Single by Big Trouble

from the album Big Trouble
- B-side: "Lipstick"
- Released: November 14, 1987
- Genre: Pop rock
- Length: 3:16
- Label: Epic Records
- Songwriters: Giorgio Moroder Tom Whitlock
- Producer: Giorgio Moroder

Big Trouble singles chronology
| "All I Need Is You" (1987) | "Crazy World" (1987) | "When the Love Is Good" (1988) |

= Crazy World (Big Trouble song) =

"Crazy World" is a song by American female pop group Big Trouble, which was released in 1987 as the lead single from their only studio album, Big Trouble. It was written by Giorgio Moroder and Tom Whitlock, and produced by Moroder.

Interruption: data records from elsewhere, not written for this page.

(* Let $(a_n)_{n\ge 0}$ be the $0/1$ sequence with $a_n=1$ if $n+1$ is a power of $2$ (i.e. $n=2^k-1$ for some integer $k\ge 0$) and $a_n=0$ otherwise. Call a permutation $\pi$ of $\{0,1,\dots,n-1\}$ nimble if for every $i\in\{0,\dots,n-1\}$ the number $i+\pi(i)+1$ is a power of $2$. Then for every integer $n\ge 1$ there exists a unique nimble permutation $\pi_n$ of $\{0,1,\dots,n-1\}$, and $$\det\left(a_{i+j}\right)_{i,j=0}^{n-1}=\operatorname{sgn}(\pi_n)\,a_{0+\pi_n(0)}a_{1+\pi_n(1)}\cdots a_{n-1+\pi_n(n-1)}=(-1)^{\binom{n}{2}}.$$
   Context: $a_n$ coincides with the Catalan number $C_n=\frac{1}{n+1}\binom{2n}{n}$ reduced modulo $2$ and regarded as an integer in $\{0,1\}$. A permutation is nimble exactly when $a_{0+\pi(0)}\cdots a_{n-1+\pi(n-1)}\neq 0$. *)

theory Defs
  imports "HOL-Combinatorics.Permutations" "Jordan_Normal_Form.Determinant"
begin

definition is_pow2 :: "nat \<Rightarrow> bool" where
  "is_pow2 m \<longleftrightarrow> (\<exists>k::nat. m = 2 ^ k)"

definition a_seq :: "nat \<Rightarrow> int" where
  "a_seq m = (if is_pow2 (m + 1) then 1 else 0)"

definition nimble :: "nat \<Rightarrow> (nat \<Rightarrow> nat) \<Rightarrow> bool" where
  "nimble n p \<longleftrightarrow> p permutes {..<n} \<and> (\<forall>i<n. is_pow2 (i + p i + 1))"

definition hankel_a :: "nat \<Rightarrow> int mat" where
  "hankel_a n = mat n n (\<lambda>(i, j). a_seq (i + j))"

end

theory Submission
  imports Defs "HOL-Library.Log_Nat"
begin

text \<open>Let \<open>N\<close> be the power of two with \<open>n \<le> N < 2n\<close> and put \<open>m = N - n\<close>. For a nimble
  permutation every sum \<open>i + \<pi>(i) + 1\<close> is a power of two below \<open>2N\<close>; on the top block
  \<open>{m..<n}\<close> it is forced to be \<open>N\<close>, so \<open>\<pi>\<close> reverses that block and restricts to a nimble
  permutation of \<open>{..<m}\<close>. Conversely, reversing the top block extends any nimble
  permutation of \<open>{..<m}\<close>. Induction on \<open>n\<close> yields existence, uniqueness and the sign,
  since \<open>(-1)^(n choose 2) = (-1)^(m choose 2) (-1)^((n - m) choose 2)\<close> as \<open>m (n - m)\<close> is even.
  In the Leibniz expansion of the Hankel determinant every permutation other than the
  nimble one hits a zero entry.\<close>

lemma is_pow2_eqI:
  assumes "is_pow2 x" "is_pow2 y" "x < 2 * y" "y < 2 * x"
  shows "x = y"
proof -
  obtain i j where ij: "x = 2 ^ i" "y = 2 ^ j"
    using assms(1,2) unfolding is_pow2_def by blast
  have "(2::nat) ^ i < 2 ^ Suc j" "(2::nat) ^ j < 2 ^ Suc i"
    using assms(3,4) ij by simp_all
  then have "i < Suc j" "j < Suc i"
    by (metis power_less_imp_less_exp one_less_numeral_iff semiring_norm(76))+
  then show ?thesis
    using ij by simp
qed

lemma is_pow2_one_or_even: "is_pow2 N \<Longrightarrow> N = 1 \<or> even N"
  unfolding is_pow2_def by (metis dvd_power even_numeral neq0_conv power_0)

lemma ex_is_pow2_between:
  assumes "0 < n"
  shows "\<exists>N. is_pow2 N \<and> n \<le> N \<and> N < 2 * n"
  using assms le_two_power_ceillog2 two_power_ceillog2_gt unfolding is_pow2_def by blast

lemma nimble_permutes: "nimble n p \<Longrightarrow> p permutes {..<n}"
  unfolding nimble_def by blast

lemma nimble_inv_into:
  assumes "nimble n p"
  shows "nimble n (inv_into UNIV p)"
proof -
  have p: "p permutes {..<n}"
    using assms by (rule nimble_permutes)
  have "is_pow2 (i + inv_into UNIV p i + 1)" if "i < n" for i
  proof -
    have "inv_into UNIV p i < n"
      using permutes_in_image[OF permutes_inv[OF p]] that by simp
    then have "is_pow2 (inv_into UNIV p i + p (inv_into UNIV p i) + 1)"
      using assms unfolding nimble_def by blast
    then show ?thesis
      using permutes_inverses(1)[OF p] by (simp add: add.commute)
  qed
  then show ?thesis
    using permutes_inv[OF p] unfolding nimble_def by blast
qed

lemma nimble_upper_half:
  assumes "nimble n p" "is_pow2 N" "n \<le> N" "i < n" "N < 2 * (i + 1)"
  shows "i + p i + 1 = N"
proof -
  have "p i < n"
    using permutes_in_image[OF nimble_permutes[OF assms(1)]] assms(4) by simp
  then have "i + p i + 1 < 2 * N" "N < 2 * (i + p i + 1)"
    using assms(3,4,5) by simp_all
  moreover have "is_pow2 (i + p i + 1)"
    using assms(1,4) unfolding nimble_def by blast
  ultimately show ?thesis
    using is_pow2_eqI[OF _ assms(2)] by blast
qed

lemma nimble_top_block:
  assumes "nimble n p" "is_pow2 N" "n \<le> N" "N - n \<le> i" "i < n"
  shows "i + p i + 1 = N"
proof (cases "N < 2 * (i + 1)")
  case True
  then show ?thesis
    using nimble_upper_half assms by blast
next
  case False
  define j where "j = N - 1 - i"
  have "j < n" "N < 2 * (j + 1)"
    using False assms(4,5) unfolding j_def by auto
  then have "j + inv_into UNIV p j + 1 = N"
    using nimble_upper_half[OF nimble_inv_into[OF assms(1)] assms(2,3)] by blast
  then have "inv_into UNIV p j = i"
    using False unfolding j_def by simp
  then have "p i = j"
    using permutes_inverses(1)[OF nimble_permutes[OF assms(1)], of j] by simp
  then show ?thesis
    using False unfolding j_def by simp
qed

lemma nimble_restrict:
  assumes "nimble n p" "is_pow2 N" "n \<le> N" "N < 2 * n"
  shows "nimble (N - n) (\<lambda>i. if i < N - n then p i else i)"
proof -
  have p: "p permutes {..<n}"
    using assms(1) by (rule nimble_permutes)
  have maps_into: "p i < N - n" if "i < N - n" for i
  proof (rule ccontr)
    assume "\<not> p i < N - n"
    then have "N - n \<le> p i"
      by simp
    moreover have "p i < n"
      using permutes_in_image[OF p] that assms(4) by simp
    ultimately have "p i + inv_into UNIV p (p i) + 1 = N"
      by (rule nimble_top_block[OF nimble_inv_into[OF assms(1)] assms(2,3)])
    then have "i + p i + 1 = N"
      using permutes_inverses(2)[OF p] by simp
    then show False
      using that \<open>p i < n\<close> by simp
  qed
  have "inj_on (\<lambda>i. if i < N - n then p i else i) {..<N - n}"
    using inj_on_subset[OF permutes_inj[OF p], of "{..<N - n}"] by (simp add: inj_on_def)
  then have "(\<lambda>i. if i < N - n then p i else i) permutes {..<N - n}"
    by (rule inj_imp_permutes) (simp_all add: maps_into)
  moreover have "is_pow2 (i + p i + 1)" if "i < N - n" for i
    using assms(1,4) that unfolding nimble_def by simp
  ultimately show ?thesis
    unfolding nimble_def by simp
qed

lemma nimble_unique: "nimble n p \<Longrightarrow> nimble n q \<Longrightarrow> p = q"
proof (induction n arbitrary: p q rule: less_induct)
  case (less n)
  have p: "p permutes {..<n}" and q: "q permutes {..<n}"
    using less.prems by (simp_all add: nimble_permutes)
  show ?case
  proof (cases "n = 0")
    case True
    then show ?thesis
      using p q by simp
  next
    case False
    then obtain N where N: "is_pow2 N" "n \<le> N" "N < 2 * n"
      using ex_is_pow2_between by blast
    have "N - n < n"
      using N(3) by simp
    then have same_restriction:
      "(\<lambda>i. if i < N - n then p i else i) = (\<lambda>i. if i < N - n then q i else i)"
      using less.IH nimble_restrict[OF less.prems(1) N] nimble_restrict[OF less.prems(2) N] by blast
    show ?thesis
    proof
      fix i
      consider "i < N - n" | "N - n \<le> i" "i < n" | "n \<le> i"
        by linarith
      then show "p i = q i"
      proof cases
        case 1
        then show ?thesis
          using fun_cong[OF same_restriction, of i] by simp
      next
        case 2
        then show ?thesis
          using nimble_top_block[OF less.prems(1) N(1,2)] nimble_top_block[OF less.prems(2) N(1,2)]
          by (metis add_right_cancel add_left_cancel)
      next
        case 3
        then show ?thesis
          using permutes_not_in[OF p] permutes_not_in[OF q] by simp
      qed
    qed
  qed
qed

definition rev_interval :: "nat \<Rightarrow> nat \<Rightarrow> nat \<Rightarrow> nat" where
  "rev_interval a b i = (if a \<le> i \<and> i < b then a + b - 1 - i else i)"

lemma rev_interval_permutes: "rev_interval a b permutes {a..<b}"
  by (rule inj_imp_permutes) (auto simp: rev_interval_def inj_on_def)

lemma choose_two_add: "(m + l) choose 2 = (m choose 2) + (l choose 2) + m * l"
  using vandermonde[of m l 2] by (simp add: numeral_2_eq_2 atMost_Suc)

lemma sign_rev_interval: "sign (rev_interval a (a + l)) = (-1) ^ (l choose 2)"
proof (induction l arbitrary: a rule: less_induct)
  case (less l)
  show ?case
  proof (cases "l < 2")
    case True
    then have "rev_interval a (a + l) = id"
      by (auto simp: fun_eq_iff rev_interval_def)
    with True show ?thesis
      by (auto simp: less_2_cases_iff choose_two)
  next
    case False
    then obtain l' where l: "l = l' + 2"
      by (metis add.commute le_add_diff_inverse not_less)
    have "rev_interval a (a + l) = transpose a (a + l' + 1) \<circ> rev_interval (Suc a) (Suc a + l')"
      unfolding l by (auto simp: fun_eq_iff rev_interval_def transpose_def)
    moreover have "permutation (rev_interval (Suc a) (Suc a + l'))"
      using rev_interval_permutes permutation_permutes by blast
    ultimately have "sign (rev_interval a (a + l)) = - sign (rev_interval (Suc a) (Suc a + l'))"
      by (simp add: sign_compose permutation_swap_id sign_swap_id)
    also have "\<dots> = - ((-1) ^ (l' choose 2))"
      using less.IH[of l' "Suc a"] l by simp
    also have "\<dots> = (-1) ^ (l choose 2)"
      using choose_two_add[of l' 2] unfolding l by (simp add: power_add neg_one_even_power)
    finally show ?thesis .
  qed
qed

lemma minus_one_power_choose_two_split:
  assumes "is_pow2 N" "n \<le> N" "N < 2 * n"
  shows "(-1::int) ^ (n choose 2) = (-1) ^ ((N - n) choose 2) * (-1) ^ ((n - (N - n)) choose 2)"
proof -
  have "even ((N - n) * (n - (N - n)))"
    using is_pow2_one_or_even[OF assms(1)]
  proof
    assume "N = 1"
    then have "N - n = 0"
      using assms(2,3) by simp
    then show ?thesis
      by simp
  next
    assume "even N"
    moreover have "n - (N - n) = 2 * n - N"
      using assms(2,3) by simp
    ultimately show ?thesis
      by simp
  qed
  moreover have "n = (N - n) + (n - (N - n))"
    using assms(3) by simp
  ultimately show ?thesis
    by (metis choose_two_add power_add neg_one_even_power mult_1_right)
qed

lemma nimble_extend:
  assumes "nimble (N - n) q" "is_pow2 N" "n \<le> N" "N < 2 * n"
  shows "nimble n (rev_interval (N - n) n \<circ> q)"
proof -
  have q: "q permutes {..<N - n}"
    using assms(1) by (rule nimble_permutes)
  have "rev_interval (N - n) n \<circ> q permutes {..<n}"
    by (rule permutes_compose[OF permutes_subset[OF q] permutes_subset[OF rev_interval_permutes]])
      (use assms(4) in auto)
  moreover have "is_pow2 (i + (rev_interval (N - n) n \<circ> q) i + 1)" if "i < n" for i
  proof (cases "i < N - n")
    case True
    then have "q i < N - n"
      using permutes_in_image[OF q] by simp
    then have "(rev_interval (N - n) n \<circ> q) i = q i"
      by (simp add: rev_interval_def)
    then show ?thesis
      using assms(1) True unfolding nimble_def by simp
  next
    case False
    then have "(rev_interval (N - n) n \<circ> q) i = N - 1 - i"
      using permutes_not_in[OF q] that assms(3) by (simp add: rev_interval_def)
    then show ?thesis
      using assms(2) that assms(3) by simp
  qed
  ultimately show ?thesis
    unfolding nimble_def by blast
qed

lemma nimble_exists: "\<exists>p. nimble n p \<and> sign p = (-1) ^ (n choose 2)"
proof (induction n rule: less_induct)
  case (less n)
  show ?case
  proof (cases "n = 0")
    case True
    then show ?thesis
      by (intro exI[of _ id]) (simp add: nimble_def id_def choose_two)
  next
    case False
    then obtain N where N: "is_pow2 N" "n \<le> N" "N < 2 * n"
      using ex_is_pow2_between by blast
    then have "N - n < n"
      by simp
    then obtain q where q: "nimble (N - n) q" "sign q = (-1) ^ ((N - n) choose 2)"
      using less.IH by blast
    have "permutation (rev_interval (N - n) n)" "permutation q"
      using permutation_permutes rev_interval_permutes nimble_permutes[OF q(1)] by blast+
    then have "sign (rev_interval (N - n) n \<circ> q) = sign (rev_interval (N - n) n) * sign q"
      by (rule sign_compose)
    also have "\<dots> = (-1) ^ ((n - (N - n)) choose 2) * (-1) ^ ((N - n) choose 2)"
      using sign_rev_interval[of "N - n" "n - (N - n)"] q(2) N(3) by simp
    also have "\<dots> = (-1) ^ (n choose 2)"
      using minus_one_power_choose_two_split[OF N] by simp
    finally show ?thesis
      using nimble_extend[OF q(1) N] by blast
  qed
qed

lemma det_single_permutation:
  fixes A :: "'a::comm_ring_1 mat"
  assumes "A \<in> carrier_mat n n" "p0 permutes {0..<n}"
    and "\<And>p. p permutes {0..<n} \<Longrightarrow> p \<noteq> p0 \<Longrightarrow> (\<Prod>i = 0..<n. A $$ (i, p i)) = 0"
  shows "det A = signof p0 * (\<Prod>i = 0..<n. A $$ (i, p0 i))"
proof -
  have "det A = (\<Sum>p \<in> {p0}. signof p * (\<Prod>i = 0..<n. A $$ (i, p i)))"
    unfolding det_def'[OF assms(1)]
    by (rule sum.mono_neutral_right) (use assms finite_permutations in auto)
  then show ?thesis
    by simp
qed

lemma prod_a_seq:
  "(\<Prod>i<n. a_seq (i + p i)) = (if \<forall>i<n. is_pow2 (i + p i + 1) then 1 else 0)"
  by (auto simp: a_seq_def add.assoc)

lemma prod_hankel_a:
  assumes "p permutes {..<n}"
  shows "(\<Prod>i = 0..<n. hankel_a n $$ (i, p i)) = (\<Prod>i<n. a_seq (i + p i))"
  unfolding atLeast0LessThan
  by (rule prod.cong) (use permutes_in_image[OF assms] in \<open>auto simp: hankel_a_def\<close>)

lemma prod_a_seq_nimble: "nimble n p \<Longrightarrow> (\<Prod>i<n. a_seq (i + p i)) = 1"
  unfolding prod_a_seq nimble_def by simp

lemma det_hankel_a:
  assumes "nimble n p0" "\<And>p. nimble n p \<Longrightarrow> p = p0"
  shows "det (hankel_a n) = sign p0"
proof -
  have "det (hankel_a n) = signof p0 * (\<Prod>i = 0..<n. hankel_a n $$ (i, p0 i))"
  proof (rule det_single_permutation)
    show "hankel_a n \<in> carrier_mat n n" "p0 permutes {0..<n}"
      using nimble_permutes[OF assms(1)] by (simp_all add: hankel_a_def atLeast0LessThan)
  next
    fix p assume "p permutes {0..<n}" "p \<noteq> p0"
    then have "p permutes {..<n}" "\<not> nimble n p"
      using assms(2) by (auto simp: atLeast0LessThan)
    then show "(\<Prod>i = 0..<n. hankel_a n $$ (i, p i)) = 0"
      unfolding prod_hankel_a[OF \<open>p permutes {..<n}\<close>] prod_a_seq nimble_def by simp
  qed
  then show ?thesis
    using prod_hankel_a[OF nimble_permutes[OF assms(1)]] prod_a_seq_nimble[OF assms(1)] by simp
qed

theorem theorem1p1:
  fixes n :: nat
  assumes "n \<ge> 1"
  shows "(\<exists>!p. nimble n p) \<and>
         (\<forall>p. nimble n p \<longrightarrow>
            det (hankel_a n) = sign p * (\<Prod>i<n. a_seq (i + p i)) \<and>
            sign p * (\<Prod>i<n. a_seq (i + p i)) = (-1) ^ (n choose 2))"
proof -
  obtain p0 where p0: "nimble n p0" "sign p0 = (-1) ^ (n choose 2)"
    using nimble_exists by blast
  have unique: "p = p0" if "nimble n p" for p
    using nimble_unique[OF that p0(1)] .
  have "det (hankel_a n) = sign p0"
    using det_hankel_a p0(1) unique by blast
  then show ?thesis
    using p0 unique prod_a_seq_nimble by (metis mult.right_neutral)
qed

end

"Crazy World" peaked at No. 71 on the US Billboard Hot 100. A re-issue in the UK in 1988 saw the song reach No. 96 on the UK Singles Chart.

==Promotion==
A music video was filmed to promote the single, which features the band performing the song inside a garage. It was directed by Tony Vanden-Ende and produced by Colleen McLean.

==Critical reception==
On its release, Billboard listed the single under "new and noteworthy" and commented: "On this synth-rock release, the group draws on the various musical upbringings from which it has emerged; single's Berlin meets ZZ Top stance has great pop potential." In a review of Big Trouble, Saw Tek Meng of the New Straits Times commented: "Big Trouble show enough chops on tracks like "When the Love is Good" [and] "Crazy World" to indicate they should survive longer than the average female band."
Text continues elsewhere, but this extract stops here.